Divided no more: Regional restaurants branch out across Florida
Put your ear to the table, and you can hear a Florida border crumbling — the one that used to separate east and west coast dining.
Once, chefs and restaurateurs stuck to their respective sides of the peninsula. Gulf-siders roamed up and down I-75, while Oceanics explored the I-95 corridor.
Those who tried to bridge the divide faced challenges in supervision, logistics and marketing — the west offered a quiet, laid-back tone, while the east tended toward loud and flashy.
These days, everybody’s everywhere. Gulf-coasters love tapas and $13 craft cocktails, and the east coast digs fried chicken and barbecue.
• Westward Ho
Three very-East Coast restaurants danced across the great divide to bring south Florida heat — and cool — to Tampa Bay.
» Bulla Gastrobar, the chic muy- Spanish tapas bar that began in Coral Gables, opened a location in Tampa (after Miami, Atlanta and Orlando). It found a happy crowd hungry for Basque cheese, octopus salads, paella and Bellota ham. Its rooftop lounge serves truly Spanish gin tonics, Rioja wines and a Tampa view. (Next stops: Dallas and Charlotte.)
» American Social Kitchen & Bar, the high-buzz cocktail of flash and comfort food from Fort Lauderdale’s Las Olas, has found a large waterside spot on Tampa’s Harbour Island. The menu features fried chicken BLTs with guac and jalapeno, a whiff of truffles and a parade of well-dressed “social” seekers.
» On its way from West Palm Beach is the raucous Rocco’s Tacos and Tequila Bar from Big Time Restaurant Group. Big Time has a half-dozen restaurants in the Palm Beach area and six Rocco’s from Delray Beach to Brooklyn. This year, it has its first restaurant on the west coast in Tampa’s International Plaza.
• Eastern Horizons
» Newer ventures like Tampabased Fresh Kitchen, the healthy and sassy mix-a-bowl meal chain of Ciccio Restaurant Group, have headed east. FK started on Howard Avenue, CRG’s home base, expanded into Sarasota and Orlando and now beyond. “Honestly, at first the East Coast jaunt was anxiety-causing, but our younger guard, Steve Lanza (son of founder Jimmy Lanza) and Ryan Mitchell make it look effortless from here,” says partner Jeff Gigante. The Boca location is a wow, and there’s one in Davie under construction.

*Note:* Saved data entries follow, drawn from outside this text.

theorem theorem3:
  fixes V :: "'a set" and E :: "'a \<Rightarrow> 'a \<Rightarrow> bool"
  assumes "simple_graph V E"
    and "two_connected V E"
  shows "Fc V E \<le> card V - girth V E + 2"
proof -
  have fin: "finite V" and sym: "\<And>u v. E u v \<Longrightarrow> E v u" and irr: "\<And>v. \<not> E v v"
    using assms(1) by (auto simp: simple_graph_def)
  obtain r where "r \<in> V" using assms(2) by (force simp: two_connected_def)
  moreover have "induced_connected E V" using assms(2) by (simp add: two_connected_def)
  ultimately obtain par dep where "normal_tree V E r par dep"
    using normal_tree_exists[of V E r, OF fin _ _ sym irr] by blast
  then interpret T: normal_spanning_tree V E r par dep
    using assms(1) by unfold_locales
  obtain l where l: "l \<in> V" and deepest: "\<And>v. v \<in> V \<Longrightarrow> dep v \<le> dep l"
    using T.ex_deepest by blast
  note girth = T.girth_bounds_deepest[OF assms(2) l deepest]
  define k where "k = girth V E - 2"
  have "k \<le> dep l" "k + 2 \<le> girth V E" using girth by (auto simp: k_def)
  then have "connected_forcing_set V E (V - T.lower_ancestors l k)"
    using T.connected_forcing_set_Diff_lower_ancestors[OF assms(2) l deepest] by blast
  then have "Fc V E \<le> card (V - T.lower_ancestors l k)" by (rule Fc_le_card)
  also have "\<dots> = card V - k" using T.card_Diff_lower_ancestors[OF l \<open>k \<le> dep l\<close>] .
  finally show ?thesis using girth by (simp add: k_def)
qed
(* Let $n,k,j,i$ be integers with $n \geq k > 0$, $0 \le j < n$, and $i \geq 1$. Then $$f_{(n,k) \setminus (j),i}(q) = q^{i^2} \left( \begin{bmatrix} n-j \\ i \end{bmatrix}_q \begin{bmatrix} k \\ i \end{bmatrix}_q - \begin{bmatrix} n+1 \\ i \end{bmatrix}_q \begin{bmatrix} k-j-1 \\ i \end{bmatrix}_q \right).$$
   Context: For partitions $\mu\subseteq\lambda$, the skew shape $\lambda\setminus\mu$ is the set of boxes of the Ferrers diagram of $\lambda$ (row $r$ has $\lambda_r$ left-justified boxes, rows numbered top to bottom) not in that of $\mu$. Thus $(n,k)\setminus(j)$ has a top row occupying columns $j+1,\dots,n$ and a bottom row occupying columns $1,\dots,k$. A standard Young tableau of shape $\lambda\setminus\mu$ with $N$ boxes is a filling with $1,\dots,N$, each used once, increasing left to right along rows and top to bottom down columns. Such a tableau $\tau$ has a descent at $m$ ($1\le m\le N-1$) if $m+1$ lies in a strictly lower row than $m$; $\mathrm{des}(\tau)$ is the number of descents and $\mathrm{maj}(\tau)$ is the sum of the descents. $f_{\lambda\setminus\mu,i}(q)=\sum_{\tau} q^{\mathrm{maj}(\tau)}$, summed over standard Young tableaux $\tau$ of shape $\lambda\setminus\mu$ with $\mathrm{des}(\tau)=i$ (for $\mu=\emptyset$ write $f_{\lambda,i}$). The $q$-binomial coefficient is $\begin{bmatrix} M \\ N \end{bmatrix}_q = \frac{(q)_M}{(q)_N(q)_{M-N}}$ with $(q)_m=(1-q)\cdots(1-q^m)$ when $0\le N\le M$ are integers, and $\begin{bmatrix} M \\ N \end{bmatrix}_q =0$ otherwise. *)

theory Defs
  imports "HOL-Computational_Algebra.Polynomial"
begin

text \<open>Boxes are pairs (row, column), 0-indexed; rows are numbered top to bottom.
  Partitions are given as lists of (weakly decreasing) row lengths.\<close>

definition skew_shape :: "nat list \<Rightarrow> nat list \<Rightarrow> (nat \<times> nat) set" where
  "skew_shape lam mu =
     {(r, c). r < length lam \<and> c < lam ! r \<and> \<not> (r < length mu \<and> c < mu ! r)}"

definition SYT :: "(nat \<times> nat) set \<Rightarrow> ((nat \<times> nat) \<Rightarrow> nat) set" where
  "SYT B = {T. bij_betw T B {1..card B}
              \<and> (\<forall>x. x \<notin> B \<longrightarrow> T x = 0)
              \<and> (\<forall>r c c'. (r, c) \<in> B \<longrightarrow> (r, c') \<in> B \<longrightarrow> c < c' \<longrightarrow> T (r, c) < T (r, c'))
              \<and> (\<forall>r r' c. (r, c) \<in> B \<longrightarrow> (r', c) \<in> B \<longrightarrow> r < r' \<longrightarrow> T (r, c) < T (r', c))}"

definition row_of :: "(nat \<times> nat) set \<Rightarrow> ((nat \<times> nat) \<Rightarrow> nat) \<Rightarrow> nat \<Rightarrow> nat" where
  "row_of B T m = fst (inv_into B T m)"

definition descents :: "(nat \<times> nat) set \<Rightarrow> ((nat \<times> nat) \<Rightarrow> nat) \<Rightarrow> nat set" where
  "descents B T = {m. 1 \<le> m \<and> m + 1 \<le> card B \<and> row_of B T m < row_of B T (m + 1)}"

definition des :: "(nat \<times> nat) set \<Rightarrow> ((nat \<times> nat) \<Rightarrow> nat) \<Rightarrow> nat" where
  "des B T = card (descents B T)"

definition maj :: "(nat \<times> nat) set \<Rightarrow> ((nat \<times> nat) \<Rightarrow> nat) \<Rightarrow> nat" where
  "maj B T = \<Sum> (descents B T)"

definition f_skew :: "nat list \<Rightarrow> nat list \<Rightarrow> nat \<Rightarrow> int poly" where
  "f_skew lam mu i =
     (let B = skew_shape lam mu in
      \<Sum>T \<in> {T \<in> SYT B. des B T = i}. monom 1 (maj B T))"

definition qpoch :: "nat \<Rightarrow> int poly" where
  "qpoch m = (\<Prod>l = 1..m. 1 - monom 1 l)"

definition qbinom :: "int \<Rightarrow> int \<Rightarrow> int poly" where
  "qbinom M N =
     (if 0 \<le> N \<and> N \<le> M
      then qpoch (nat M) div (qpoch (nat N) * qpoch (nat (M - N)))
      else 0)"

end

theory Submission
  imports Defs
begin

text \<open>Removing the largest entry \<open>N\<close> of a standard tableau of shape \<open>(n,k)/(j)\<close> leaves a
  tableau of shape \<open>(n-1,k)/(j)\<close> or \<open>(n,k-1)/(j)\<close>, according to whether \<open>N\<close> ends the top or
  the bottom row, and \<open>N\<close> contributes a descent at \<open>N-1\<close> exactly when it ends the bottom row
  and \<open>N-1\<close> ends the top row. This gives a recursion in \<open>n\<close> and \<open>k\<close> for the generating
  polynomials. The closed form satisfies the same recursion: the q-Pascal rule
  \<open>[a,i] - [a-1,i] = q^(a-i) [a-1,i-1]\<close>, applied in both factors of \<open>q^(i^2) [a,i] [b,i]\<close>, turns
  its mixed second difference into \<open>q^(a+b-1)\<close> times the same expression with \<open>a\<close>, \<open>b\<close>, \<open>i\<close>
  each lowered by one.\<close>

section \<open>Gaussian binomial coefficients\<close>

lemma qpoch_0 [simp]: "qpoch 0 = 1"
  unfolding qpoch_def by simp

lemma qpoch_Suc: "qpoch (Suc m) = qpoch m * (1 - monom 1 (Suc m))"
  unfolding qpoch_def by simp

lemma qpoch_nonzero [simp]: "qpoch m \<noteq> 0"
proof (induction m)
  case (Suc m)
  have "coeff (1 - monom (1::int) (Suc m)) 0 = 1"
    by simp
  then have "1 - monom (1::int) (Suc m) \<noteq> 0"
    by (metis coeff_0 zero_neq_one)
  with Suc show ?case
    by (simp add: qpoch_Suc)
qed simp

fun qbinom_nat :: "nat \<Rightarrow> nat \<Rightarrow> int poly" where
  "qbinom_nat M 0 = 1"
| "qbinom_nat 0 (Suc N) = 0"
| "qbinom_nat (Suc M) (Suc N) = qbinom_nat M N + monom 1 (Suc N) * qbinom_nat M (Suc N)"

lemma qbinom_nat_eq_0: "M < N \<Longrightarrow> qbinom_nat M N = 0"
  by (induction M N rule: qbinom_nat.induct) auto

lemma qbinom_nat_self [simp]: "qbinom_nat M M = 1"
  by (induction M) (auto simp: qbinom_nat_eq_0)

lemma qbinom_nat_mult_qpoch:
  "N \<le> M \<Longrightarrow> qbinom_nat M N * qpoch N * qpoch (M - N) = qpoch M"
proof (induction M N rule: qbinom_nat.induct)
  case (3 M N)
  show ?case
  proof (cases "N = M")
    case False
    define D where "D = M - Suc N"
    have M: "M = N + Suc D" and MN: "M - N = Suc D"
      using "3.prems" False unfolding D_def by auto
    have IH1: "qbinom_nat M N * qpoch N * (qpoch D * (1 - monom 1 (Suc D))) = qpoch M"
      using "3.IH"(1) "3.prems" by (simp add: MN qpoch_Suc)
    have IH2: "qbinom_nat M (Suc N) * (qpoch N * (1 - monom 1 (Suc N))) * qpoch D = qpoch M"
      using "3.IH"(2) "3.prems" False by (simp add: D_def qpoch_Suc)
    have "qbinom_nat (Suc M) (Suc N) * qpoch (Suc N) * qpoch (Suc M - Suc N)
        = (qbinom_nat M N * qpoch N * (qpoch D * (1 - monom 1 (Suc D)))) * (1 - monom 1 (Suc N))
          + monom 1 (Suc N) * (1 - monom 1 (Suc D))
            * (qbinom_nat M (Suc N) * (qpoch N * (1 - monom 1 (Suc N))) * qpoch D)"
      by (simp add: MN qpoch_Suc algebra_simps)
    also have "\<dots> = qpoch M * (1 - monom 1 (Suc N)) + monom 1 (Suc N) * (1 - monom 1 (Suc D)) * qpoch M"
      by (simp only: IH1 IH2)
    also have "\<dots> = qpoch (Suc M)"
      by (simp add: M qpoch_Suc algebra_simps mult_monom)
    finally show ?thesis .
  qed simp
qed simp_all

lemma qbinom_nat_symmetric: "N \<le> M \<Longrightarrow> qbinom_nat M (M - N) = qbinom_nat M N"
proof -
  assume "N \<le> M"
  then have "qbinom_nat M (M - N) * (qpoch N * qpoch (M - N)) = qbinom_nat M N * (qpoch N * qpoch (M - N))"
    using qbinom_nat_mult_qpoch[of N M] qbinom_nat_mult_qpoch[of "M - N" M] by (simp add: ac_simps)
  then show ?thesis
    by simp
qed

lemma qbinom_nat_Suc_Suc':
  "qbinom_nat (Suc M) (Suc N) = qbinom_nat M (Suc N) + monom 1 (M - N) * qbinom_nat M N"
proof (cases "N < M")
  case True
  define D where "D = M - Suc N"
  have MN: "M - N = Suc D"
    using True unfolding D_def by simp
  have "qbinom_nat (Suc M) (Suc N) = qbinom_nat (Suc M) (Suc D)"
    using qbinom_nat_symmetric[of "Suc N" "Suc M"] True MN by simp
  also have "\<dots> = qbinom_nat M D + monom 1 (Suc D) * qbinom_nat M (Suc D)"
    by simp
  also have "\<dots> = qbinom_nat M (Suc N) + monom 1 (M - N) * qbinom_nat M N"
    using qbinom_nat_symmetric[of D M] qbinom_nat_symmetric[of N M] True MN
    by (simp add: D_def)
  finally show ?thesis .
qed (auto simp: qbinom_nat_eq_0 le_Suc_eq dest: leI)

lemma qbinom_of_nat: "qbinom (int M) (int N) = qbinom_nat M N"
proof (cases "N \<le> M")
  case True
  then have "qpoch M = qbinom_nat M N * (qpoch N * qpoch (M - N))"
    using qbinom_nat_mult_qpoch by (simp add: ac_simps)
  with True show ?thesis
    unfolding qbinom_def by (simp add: nat_diff_distrib)
qed (simp add: qbinom_def qbinom_nat_eq_0)

lemma qbinom_neg_left: "M < 0 \<Longrightarrow> qbinom M N = 0"
  unfolding qbinom_def by simp

lemma qbinom_0_right: "qbinom M 0 = (if 0 \<le> M then 1 else 0)"
  using qbinom_of_nat[of "nat M" 0] by (cases "0 \<le> M") (simp_all add: qbinom_neg_left)

lemma qbinom_0_left: "qbinom 0 (int N) = (if N = 0 then 1 else 0)"
  using qbinom_of_nat[of 0 N] by (cases N) auto

lemma qbinom_diff_top:
  assumes "1 \<le> N"
  shows "qbinom M (int N) - qbinom (M - 1) (int N)
       = monom 1 (nat (M - int N)) * qbinom (M - 1) (int N - 1)"
proof (cases "1 \<le> M")
  case True
  define A where "A = nat (M - 1)"
  have A: "M = int (Suc A)"
    using True unfolding A_def by simp
  obtain I where I: "N = Suc I"
    using assms by (cases N) auto
  show ?thesis
    using qbinom_nat_Suc_Suc'[of A I] qbinom_of_nat[of "Suc A" "Suc I"] qbinom_of_nat[of A "Suc I"]
      qbinom_of_nat[of A I]
    by (simp add: A I nat_diff_distrib')
next
  case False
  then show ?thesis
    using assms qbinom_0_left[of N] by (cases "M = 0") (simp_all add: qbinom_neg_left)
qed

section \<open>The closed form\<close>

definition qbinom_pair :: "int \<Rightarrow> int \<Rightarrow> nat \<Rightarrow> int poly" where
  "qbinom_pair x y i = monom 1 (i ^ 2) * qbinom x (int i) * qbinom y (int i)"

lemma qbinom_pair_commute: "qbinom_pair x y i = qbinom_pair y x i"
  unfolding qbinom_pair_def by (simp add: ac_simps)

lemma qbinom_pair_0: "qbinom_pair x y 0 = (if 0 \<le> x \<and> 0 \<le> y then 1 else 0)"
  unfolding qbinom_pair_def by (simp add: qbinom_0_right)

lemma qbinom_pair_neg: "x < 0 \<Longrightarrow> qbinom_pair x y i = 0"
  unfolding qbinom_pair_def by (simp add: qbinom_neg_left)

lemma qbinom_pair_mixed_diff:
  assumes "1 \<le> i"
  shows "qbinom_pair a b i - qbinom_pair (a - 1) b i - qbinom_pair a (b - 1) i + qbinom_pair (a - 1) (b - 1) i
       = monom 1 (nat (a + b - 1)) * qbinom_pair (a - 1) (b - 1) (i - 1)"
proof -
  have i: "int (i - 1) = int i - 1"
    using assms by simp
  have "qbinom_pair a b i - qbinom_pair (a - 1) b i - qbinom_pair a (b - 1) i + qbinom_pair (a - 1) (b - 1) i
      = monom 1 (i^2) * (qbinom a (int i) - qbinom (a - 1) (int i)) * (qbinom b (int i) - qbinom (b - 1) (int i))"
    unfolding qbinom_pair_def by (simp add: algebra_simps)
  also have "\<dots> = monom 1 (i^2) * monom 1 (nat (a - int i)) * monom 1 (nat (b - int i))
                 * (qbinom (a - 1) (int (i - 1)) * qbinom (b - 1) (int (i - 1)))"
    unfolding qbinom_diff_top[OF assms] i by (simp add: ac_simps)
  also have "\<dots> = monom 1 (nat (a + b - 1)) * qbinom_pair (a - 1) (b - 1) (i - 1)"
  proof (cases "int i \<le> a \<and> int i \<le> b")
    case True
    have "int (i^2 + nat (a - int i) + nat (b - int i)) = int i ^ 2 + (a - int i) + (b - int i)"
      using True by simp
    also have "\<dots> = (a + b - 1) + (int i - 1)^2"
      by (simp add: power2_eq_square algebra_simps)
    also have "\<dots> = int (nat (a + b - 1) + (i - 1)^2)"
      using True assms i by simp
    finally have "i^2 + nat (a - int i) + nat (b - int i) = nat (a + b - 1) + (i - 1)^2"
      by (simp only: of_nat_eq_iff)
    then show ?thesis
      unfolding qbinom_pair_def by (simp add: mult_monom ac_simps)
  next
    case False
    then have "qbinom (a - 1) (int (i - 1)) = 0 \<or> qbinom (b - 1) (int (i - 1)) = 0"
      using i by (auto simp: qbinom_def)
    then show ?thesis
      unfolding qbinom_pair_def by auto
  qed
  finally show ?thesis .
qed

text \<open>\<open>n\<close> and \<open>k\<close> are integers so that the recursion may step below \<open>n = j\<close>, where the formula vanishes.\<close>
definition two_row_formula :: "nat \<Rightarrow> int \<Rightarrow> int \<Rightarrow> nat \<Rightarrow> int poly" where
  "two_row_formula j n k i = qbinom_pair (n - int j) k i - qbinom_pair (n + 1) (k - int j - 1) i"

lemma two_row_formula_rec:
  assumes "int j \<le> n" and "0 < k"
  shows "two_row_formula j n k i
       = two_row_formula j (n - 1) k i + two_row_formula j n (k - 1) i - two_row_formula j (n - 1) (k - 1) i
         + (if i = 0 then 0 else monom 1 (nat (n - int j + k - 1)) * two_row_formula j (n - 1) (k - 1) (i - 1))"
proof (cases "i = 0")
  case True
  with assms show ?thesis
    unfolding two_row_formula_def by (simp add: qbinom_pair_0)
next
  case False
  then have "1 \<le> i"
    by simp
  from qbinom_pair_mixed_diff[OF this, of "n - int j" k] qbinom_pair_mixed_diff[OF this, of "n + 1" "k - int j - 1"]
  show ?thesis
    unfolding two_row_formula_def using False by (simp add: algebra_simps)
qed
(* Let $u,v\ge1$, $n\ge0$, $I\in\mathrm{Hilb}^n(\{x^uy^v=0\},0)$, let $N$ be an integer with $y^N\in I$, and put $W^k=I\cap(y^k)$ for $k\ge0$. Let $0\le k\le N-1$ and suppose $F=y^kx^i+y^{k+1}t(x,y)$ and $F'=y^{k+1}x^{i'}+y^{k+2}t'(x,y)$ (with $i,i'\ge0$, $t,t'\in\mathbb{C}[[x,y]]$) satisfy $W^k=W^{k+1}+(F)$ and $W^{k+1}=W^{k+2}+(F')$. Then $i\ge i'$.
   Context: $\mathrm{Hilb}^n(\{x^uy^v=0\},0)$ is the set of ideals $I\subset\mathbb{C}[[x,y]]$ with $\dim_{\mathbb{C}}\mathbb{C}[[x,y]]/I=n$, vanishing locus the origin, and $x^uy^v\in I$. *)

theory Defs
  imports "HOL-Computational_Algebra.Formal_Power_Series"
begin

text \<open>The ring C[[x,y]] is realised as (C[[x]])[[y]], i.e. the type complex fps fps.
  The outer variable is y, the inner variable is x.\<close>

type_synonym ps2 = "complex fps fps"

definition Xv :: ps2 where "Xv = fps_const fps_X"
definition Yv :: ps2 where "Yv = fps_X"

definition cst :: "complex \<Rightarrow> ps2" where "cst c = fps_const (fps_const c)"

definition is_ideal :: "ps2 set \<Rightarrow> bool" where
  "is_ideal I \<longleftrightarrow> 0 \<in> I \<and> (\<forall>a\<in>I. \<forall>b\<in>I. a + b \<in> I) \<and> (\<forall>r. \<forall>a\<in>I. r * a \<in> I)"

definition principal :: "ps2 \<Rightarrow> ps2 set" where
  "principal f = {r * f | r. True}"

definition ideal_sum :: "ps2 set \<Rightarrow> ps2 set \<Rightarrow> ps2 set" where
  "ideal_sum A B = {a + b | a b. a \<in> A \<and> b \<in> B}"

definition colength :: "ps2 set \<Rightarrow> nat \<Rightarrow> bool" where
  "colength I n \<longleftrightarrow> (\<exists>f :: nat \<Rightarrow> ps2.
      (\<forall>g. \<exists>c :: nat \<Rightarrow> complex. g - (\<Sum>j<n. cst (c j) * f j) \<in> I) \<and>
      (\<forall>c :: nat \<Rightarrow> complex. (\<Sum>j<n. cst (c j) * f j) \<in> I \<longrightarrow> (\<forall>j<n. c j = 0)))"

text \<open>Hilb^n({x^u y^v = 0}, 0). In the local ring C[[x,y]] every ideal of finite colength
  is supported at the origin, so the vanishing-locus condition is automatic.\<close>
definition Hilb :: "nat \<Rightarrow> nat \<Rightarrow> nat \<Rightarrow> ps2 set set" where
  "Hilb n u v = {I. is_ideal I \<and> colength I n \<and> Xv ^ u * Yv ^ v \<in> I}"

definition Wk :: "ps2 set \<Rightarrow> nat \<Rightarrow> ps2 set" where
  "Wk I k = I \<inter> principal (Yv ^ k)"

end

theory Submission
  imports Defs
begin

text \<open>Since W^k = W^(k+1) + (F), the generator F lies in W^k, so y F lies in
  W^(k+1) = W^(k+2) + (F'). Writing y F = a + r F' with a divisible by y^(k+2) and comparing
  the coefficients of y^(k+1), which are power series in x, gives x^i = r(x,0) x^i', hence i' \<le> i.\<close>

lemma fps_nth_Yv_power_mult: "fps_nth (Yv ^ m * f) n = (if n < m then 0 else fps_nth f (n - m))"
  unfolding Yv_def by (rule fps_X_power_mult_nth)

lemma fps_nth_Xv_power_plus_Yv_mult_0: "fps_nth (Xv ^ i + Yv * t) 0 = fps_X ^ i"
  unfolding Xv_def Yv_def by (simp add: fps_const_power)

lemma fps_X_power_dvd_imp_le:
  assumes "(fps_X ^ j :: 'a :: idom fps) dvd fps_X ^ i"
  shows "j \<le> i"
  using dvd_imp_subdegree_le[OF assms] by simp

lemma coeff_dvd_of_mem_ideal_sum_principal:
  assumes "Yv ^ m * g \<in> ideal_sum (principal (Yv ^ (m + 1))) (principal (Yv ^ m * h))"
  shows "fps_nth h 0 dvd fps_nth g 0"
proof -
  from assms obtain s r where decomp: "Yv ^ m * g = s * Yv ^ (m + 1) + r * (Yv ^ m * h)"
    unfolding ideal_sum_def principal_def by blast
  have "fps_nth g 0 = fps_nth (Yv ^ m * g) m"
    by (simp add: fps_nth_Yv_power_mult)
  also have "\<dots> = fps_nth (Yv ^ (m + 1) * s) m + fps_nth (Yv ^ m * (r * h)) m"
    unfolding decomp fps_add_nth by (simp only: mult.commute[of s] mult.left_commute[of r])
  also have "\<dots> = fps_nth r 0 * fps_nth h 0"
    unfolding fps_nth_Yv_power_mult by simp
  finally show ?thesis by simp
qed

lemma generator_mem_ideal_sum_principal: "0 \<in> A \<Longrightarrow> f \<in> ideal_sum A (principal f)"
  unfolding ideal_sum_def principal_def by force

lemma ideal_sum_mono_left: "A \<subseteq> B \<Longrightarrow> ideal_sum A C \<subseteq> ideal_sum B C"
  unfolding ideal_sum_def by blast

lemma Wk_subset_principal: "Wk I k \<subseteq> principal (Yv ^ k)"
  unfolding Wk_def by blast

lemma zero_mem_Wk: "is_ideal I \<Longrightarrow> 0 \<in> Wk I k"
  unfolding Wk_def is_ideal_def principal_def by force

lemma Yv_mult_mem_Wk:
  assumes "is_ideal I" and "f \<in> Wk I k"
  shows "Yv * f \<in> Wk I (k + 1)"
proof -
  from assms(2) obtain r where "f \<in> I" and "f = r * Yv ^ k"
    unfolding Wk_def principal_def by blast
  then have "Yv * f \<in> I" and "Yv * f = r * Yv ^ (k + 1)"
    using assms(1) by (auto simp: is_ideal_def algebra_simps)
  then show ?thesis
    unfolding Wk_def principal_def by blast
qed

theorem mainTheorem10:
  fixes u v n N k i i' :: nat and I :: "ps2 set" and t t' :: ps2
  assumes "u \<ge> 1" and "v \<ge> 1"
    and "I \<in> Hilb n u v"
    and "Yv ^ N \<in> I"
    and "k + 1 \<le> N"
    and "Wk I k = ideal_sum (Wk I (k + 1)) (principal (Yv ^ k * Xv ^ i + Yv ^ (k + 1) * t))"
    and "Wk I (k + 1) = ideal_sum (Wk I (k + 2)) (principal (Yv ^ (k + 1) * Xv ^ i' + Yv ^ (k + 2) * t'))"
  shows "i \<ge> i'"
proof -
  have ideal: "is_ideal I"
    using assms(3) by (simp add: Hilb_def)
  have "Yv ^ k * (Xv ^ i + Yv * t) \<in> Wk I k"
    using assms(6) generator_mem_ideal_sum_principal[OF zero_mem_Wk[OF ideal]]
    by (simp add: algebra_simps)
  then have "Yv ^ (k + 1) * (Xv ^ i + Yv * t) \<in> Wk I (k + 1)"
    using Yv_mult_mem_Wk[OF ideal] by (simp add: mult.assoc)
  also have "\<dots> = ideal_sum (Wk I (k + 2)) (principal (Yv ^ (k + 1) * (Xv ^ i' + Yv * t')))"
    using assms(7) by (simp add: algebra_simps)
  also have "\<dots> \<subseteq> ideal_sum (principal (Yv ^ (k + 1 + 1))) (principal (Yv ^ (k + 1) * (Xv ^ i' + Yv * t')))"
    using ideal_sum_mono_left[OF Wk_subset_principal] by (simp only: add.assoc one_add_one)
  finally have "fps_nth (Xv ^ i' + Yv * t') 0 dvd fps_nth (Xv ^ i + Yv * t) 0"
    by (rule coeff_dvd_of_mem_ideal_sum_principal)
  then show ?thesis
    unfolding fps_nth_Xv_power_plus_Yv_mult_0 by (rule fps_X_power_dvd_imp_le)
qed

end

» In less than 10 years, Bob Basham and Nick Reader used Outback smarts to turn chicken tenders and nuggets into an empire from North Carolina to Texas. Of 33 Florida PDQs, seven are on the East Coast.
» Likewise, Beef ‘O’ Brady’s, the family-friendly sports bar invented in Brandon more than 30 years ago, has more than 100 locations in the state, including five on the east coast.
» Truluck’s, the upscale seafood and steak house from Austin, Texas, started Florida operations in Naples, where it acquired a stone crab fishery. Truluck’s moved straight across Alligator Alley to Boca, Lauderdale and most recently Brickell in Miami.
• Top Down
» The longest migration so far by a central or north Florida restaurateur has been by the clever crew behind Gainesville’s little Dragonfly sushi bar, who made stunning conquests in Orlando and most recently Doral.
» Winter Park’s 4 Rivers Smokehouse has grown to 14 locations and finally opened in south Florida at Coral Springs in 2016.
» The noodles, skewers and bao buns of Hawkers Asian Street Fare, created on a Bohemian stretch of Orlando’s Bohemian Mills 50, now draw lines in Jacksonville’s Five Points, Neptune Beach and St. Petersburg’s Edge District.
» In five years, the Maple Street Biscuit Co. has opened 17 locations from Jacksonville to Tallahassee and Gainesville but none farther south than Oviedo. Instead, they have opened six in Georgia, South Carolina and Tennessee.
» The biggest reach, however, is Firehouse Subs, started by Jacksonville smoke-eaters 20 years ago. Outlets now blanket both coasts and the Panhandle as part of a nationwide total of 1,050 locations.